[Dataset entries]

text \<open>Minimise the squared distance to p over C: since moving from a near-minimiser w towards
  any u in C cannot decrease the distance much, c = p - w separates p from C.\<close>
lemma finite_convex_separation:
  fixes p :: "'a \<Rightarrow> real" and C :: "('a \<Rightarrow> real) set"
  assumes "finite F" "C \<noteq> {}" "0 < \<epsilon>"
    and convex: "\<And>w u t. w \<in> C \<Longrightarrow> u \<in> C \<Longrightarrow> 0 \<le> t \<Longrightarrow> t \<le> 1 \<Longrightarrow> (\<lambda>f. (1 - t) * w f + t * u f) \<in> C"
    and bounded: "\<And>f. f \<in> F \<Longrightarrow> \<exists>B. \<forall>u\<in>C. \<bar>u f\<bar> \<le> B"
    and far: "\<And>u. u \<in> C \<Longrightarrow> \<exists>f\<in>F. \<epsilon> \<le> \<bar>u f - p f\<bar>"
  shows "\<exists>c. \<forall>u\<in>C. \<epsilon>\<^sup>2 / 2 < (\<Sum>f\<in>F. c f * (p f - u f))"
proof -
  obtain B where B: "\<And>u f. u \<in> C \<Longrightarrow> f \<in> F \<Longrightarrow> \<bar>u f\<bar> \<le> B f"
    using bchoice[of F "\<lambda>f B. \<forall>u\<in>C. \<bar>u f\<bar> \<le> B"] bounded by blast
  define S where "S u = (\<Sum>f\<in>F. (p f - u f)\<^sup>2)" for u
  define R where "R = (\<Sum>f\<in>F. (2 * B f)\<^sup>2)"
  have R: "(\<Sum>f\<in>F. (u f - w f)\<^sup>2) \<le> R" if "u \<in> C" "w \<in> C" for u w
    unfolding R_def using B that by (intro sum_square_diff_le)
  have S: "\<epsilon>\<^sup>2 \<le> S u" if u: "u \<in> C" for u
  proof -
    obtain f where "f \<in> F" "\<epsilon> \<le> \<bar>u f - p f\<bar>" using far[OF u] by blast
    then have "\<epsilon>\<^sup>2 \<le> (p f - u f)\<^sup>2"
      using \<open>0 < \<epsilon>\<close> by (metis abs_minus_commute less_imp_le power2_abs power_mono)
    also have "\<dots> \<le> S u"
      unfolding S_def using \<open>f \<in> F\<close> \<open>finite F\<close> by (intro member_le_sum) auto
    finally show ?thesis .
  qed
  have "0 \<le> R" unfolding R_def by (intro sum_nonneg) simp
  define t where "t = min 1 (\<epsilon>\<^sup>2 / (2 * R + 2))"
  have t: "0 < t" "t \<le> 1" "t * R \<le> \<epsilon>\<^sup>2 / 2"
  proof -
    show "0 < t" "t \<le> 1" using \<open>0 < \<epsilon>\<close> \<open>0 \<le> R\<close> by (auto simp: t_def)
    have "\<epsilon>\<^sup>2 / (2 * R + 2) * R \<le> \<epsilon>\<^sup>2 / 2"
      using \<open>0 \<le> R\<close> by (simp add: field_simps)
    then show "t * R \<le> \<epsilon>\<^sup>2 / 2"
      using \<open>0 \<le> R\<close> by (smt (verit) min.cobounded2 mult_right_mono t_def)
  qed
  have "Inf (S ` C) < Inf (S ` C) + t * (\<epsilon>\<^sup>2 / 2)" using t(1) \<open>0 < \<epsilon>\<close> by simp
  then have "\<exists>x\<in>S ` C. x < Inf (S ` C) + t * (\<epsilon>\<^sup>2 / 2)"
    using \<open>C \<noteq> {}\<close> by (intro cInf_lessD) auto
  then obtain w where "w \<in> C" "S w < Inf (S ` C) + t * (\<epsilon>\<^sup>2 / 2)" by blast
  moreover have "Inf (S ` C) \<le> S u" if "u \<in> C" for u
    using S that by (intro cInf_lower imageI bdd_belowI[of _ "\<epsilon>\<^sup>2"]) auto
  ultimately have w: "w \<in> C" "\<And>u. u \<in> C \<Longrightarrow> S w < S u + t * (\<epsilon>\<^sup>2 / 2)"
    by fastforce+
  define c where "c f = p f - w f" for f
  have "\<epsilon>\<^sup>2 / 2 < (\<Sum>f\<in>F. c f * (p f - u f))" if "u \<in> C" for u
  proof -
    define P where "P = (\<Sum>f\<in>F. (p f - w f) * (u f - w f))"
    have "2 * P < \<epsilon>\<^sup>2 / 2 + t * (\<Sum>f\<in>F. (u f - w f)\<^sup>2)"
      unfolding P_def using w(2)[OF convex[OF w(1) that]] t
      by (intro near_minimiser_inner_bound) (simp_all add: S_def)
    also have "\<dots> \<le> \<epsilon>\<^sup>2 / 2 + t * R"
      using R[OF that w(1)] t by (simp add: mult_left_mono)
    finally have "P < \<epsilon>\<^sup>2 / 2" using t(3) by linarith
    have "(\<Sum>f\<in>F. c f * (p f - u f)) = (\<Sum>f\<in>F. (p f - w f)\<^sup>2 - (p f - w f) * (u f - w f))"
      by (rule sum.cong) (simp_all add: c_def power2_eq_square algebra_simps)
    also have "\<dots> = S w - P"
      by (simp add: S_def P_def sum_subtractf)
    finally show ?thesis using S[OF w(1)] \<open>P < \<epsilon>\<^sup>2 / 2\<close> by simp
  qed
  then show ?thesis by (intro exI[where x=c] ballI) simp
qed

• _What to work on_: Look through the records for the string "from". Copy every line that has it.

• _The answer_:
text \<open>Minimise the squared distance to p over C: since moving from a near-minimiser w towards
  any u in C cannot decrease the distance much, c = p - w separates p from C.\<close>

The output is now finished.